Странный гигантский оранжево-красный диск солнца садится у вас за спиной за шпиль МГУ — словно незнакомая оранжевая планета из романов Брэдбери. И вы уже невольно смотрите на Москву другими глазами — не буднично и привычно, а как бы глазами новоприбывшего марсианина.

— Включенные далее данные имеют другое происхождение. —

(* Let $\delta\in(0,1)$. Then $$\mathbb P\Big(\sum_{j=\lceil(1-\delta^2)m\rceil}^{m-1}\psi_{j,z}\le \tfrac52\delta\log N\ \text{ for all } z\in V_N\Big)\ge 1-2e^{-n/10}.$$ Moreover, $$\mathbb P\Big(|\varphi_{N,u}-\varphi_{N,v}|\le 100\sqrt{K\log N}\ \text{ for all nearest-neighbour pairs } u,v\in V_N\Big)\ge 1-e^{-n/10}.$$
   Context: Let $k\ge1$ be an integer, $K=2^k$, $n\ge1$, $N=2^n$, $m=\lfloor n/k\rfloor$, and $V_N=\{0,1,\dots,N-1\}^2$; $\log$ is the natural logarithm. For $j\ge0$ let $\mathcal B_j$ be the set of boxes $x+\{0,\dots,2^j-1\}^2$ with $x\in\mathbb Z^2$, and $\mathcal B_j(z)$ those containing $z$. Let $\{b_{j,B}\}$ be independent centered Gaussians with $\mathrm{Var}(b_{j,B})=2^{-2j}$. Set $\psi_{j,z}=\sum_{B\in\mathcal B_{jk}(z)}\sqrt k\,b_{jk,B}$ and $\varphi_{N,z}=\sum_{j=0}^{m-1}\psi_{j,z}$. *)

theory Defs
  imports "HOL-Probability.Probability"
begin

text \<open>A box x + {0..2^j-1}^2 is identified with its corner x. The boxes of side 2^j
  containing z are exactly those with corner in z - {0..2^j-1}^2.\<close>
definition boxes_containing :: "nat \<Rightarrow> int \<times> int \<Rightarrow> (int \<times> int) set" where
  "boxes_containing j z =
     {fst z - 2^j + 1 .. fst z} \<times> {snd z - 2^j + 1 .. snd z}"

definition psi :: "nat \<Rightarrow> (nat \<Rightarrow> int \<times> int \<Rightarrow> 'a \<Rightarrow> real) \<Rightarrow> nat \<Rightarrow> int \<times> int \<Rightarrow> 'a \<Rightarrow> real" where
  "psi k b j z \<omega> = (\<Sum>x\<in>boxes_containing (j * k) z. sqrt (real k) * b (j * k) x \<omega>)"

definition phi :: "nat \<Rightarrow> nat \<Rightarrow> (nat \<Rightarrow> int \<times> int \<Rightarrow> 'a \<Rightarrow> real) \<Rightarrow> int \<times> int \<Rightarrow> 'a \<Rightarrow> real" where
  "phi k n b z \<omega> = (\<Sum>j<n div k. psi k b j z \<omega>)"

definition VN :: "nat \<Rightarrow> (int \<times> int) set" where
  "VN n = {0..<2^n} \<times> {0..<2^n}"

end

theory Submission
  imports Defs "HOL-Analysis.Harmonic_Numbers"
begin

text \<open>
  A sum of the variables \<open>\<surd>k b\<^sub>j\<^sub>k\<^sub>,\<^sub>B\<close> with signs \<open>\<plusminus>1\<close> is a centred Gaussian, so it
  exceeds \<open>t\<close> with probability at most \<open>exp (-t\<^sup>2 / 2V)\<close> for any bound \<open>V\<close> on its variance
  (compare the normal density with its translate by \<open>t\<close>). Scale \<open>L\<close> contributes \<open>4\<^sup>L\<close> boxes
  containing a given point, each of variance \<open>4\<^sup>-\<^sup>L\<close>, so a sum of \<open>\<psi>\<^sub>j\<^sub>,\<^sub>z\<close> over the top
  \<open>\<delta>\<^sup>2\<close>-fraction of the \<open>m\<close> scales has variance at most \<open>k\<delta>\<^sup>2m \<le> \<delta>\<^sup>2n\<close>. For neighbours
  \<open>u, v\<close> only the boxes containing exactly one of them survive in \<open>\<phi>\<^sub>u - \<phi>\<^sub>v\<close>; at scale \<open>L\<close> there
  are at most \<open>4 \<cdot> 2\<^sup>L\<close> of them on each side, so the variance is at most \<open>16k\<close>. A union bound
  over the \<open>4\<^sup>n\<close> points, respectively the at most \<open>16\<^sup>n\<close> pairs, finishes both estimates.
\<close>

lemma normal_density_shift_le:
  fixes \<sigma> t x :: real
  assumes "t \<ge> 0"
  shows "normal_density 0 \<sigma> x * indicator {t<..} x \<le> exp (- t\<^sup>2 / (2 * \<sigma>\<^sup>2)) * normal_density 0 \<sigma> (x - t)"
proof (cases "x > t")
  case True
  have "- x\<^sup>2 \<le> - t\<^sup>2 - (x - t)\<^sup>2"
    using True assms mult_left_mono[of t x t] by (simp add: power2_eq_square algebra_simps)
  then have "- x\<^sup>2 / (2 * \<sigma>\<^sup>2) \<le> (- t\<^sup>2 - (x - t)\<^sup>2) / (2 * \<sigma>\<^sup>2)"
    by (rule divide_right_mono) simp
  then have "exp (- x\<^sup>2 / (2 * \<sigma>\<^sup>2)) \<le> exp (- t\<^sup>2 / (2 * \<sigma>\<^sup>2)) * exp (- (x - t)\<^sup>2 / (2 * \<sigma>\<^sup>2))"
    by (simp add: diff_divide_distrib flip: exp_add)
  then show ?thesis
    using True by (simp add: normal_density_def mult.left_commute[of "exp _"] divide_right_mono)
qed (simp)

И вы видите золотую осеннюю пену парка имени Горького и желто-красную бахрому набережных вдоль сиренево-закатной Москвы-реки, и маленький усатый речной трамвай, и чашу стадиона, забитую народом по случаю футбольного матча, и голубые поезда метро, выкатывающие из-под земли на гигантские метромосты, и прямые стрелы новых проспектов, и мягкие изгибы старых желто-багряных бульваров, и многоцветную чешую шифера на крышах домов — сотни тысяч крыш до самого горизонта… Отсюда, с высоты, вам не видны будничные проблемы этих маленьких фигурок, населяющих город: очереди за съестным, носильным и читабельным, озлобленность, преступность, наркомания, самогоноварение, разбитые мостовые и осыпающаяся с фасадов домов штукатурка… Нет, вы не видите этих мелочей ни из окон правительственных дач на Ленинских горах, ни с гаревых, посыпанных желтым песочком дорожек в парке, который окружает эти дачи и спускается к Москве-реке. Вы видите только мирную желто-зелено-багряную панораму древнего города с золотыми куполами старинных церквей и монастырских соборов, с рубиновыми звездами Кремля и шпилями высотных зданий, с россыпью современных микрорайонов и зеркальными стенами модерновых архитектурных гигантов — в этих зеркальных стенах, куполах и шпилях дрожит и сияет оплавленное золото солнечного заката…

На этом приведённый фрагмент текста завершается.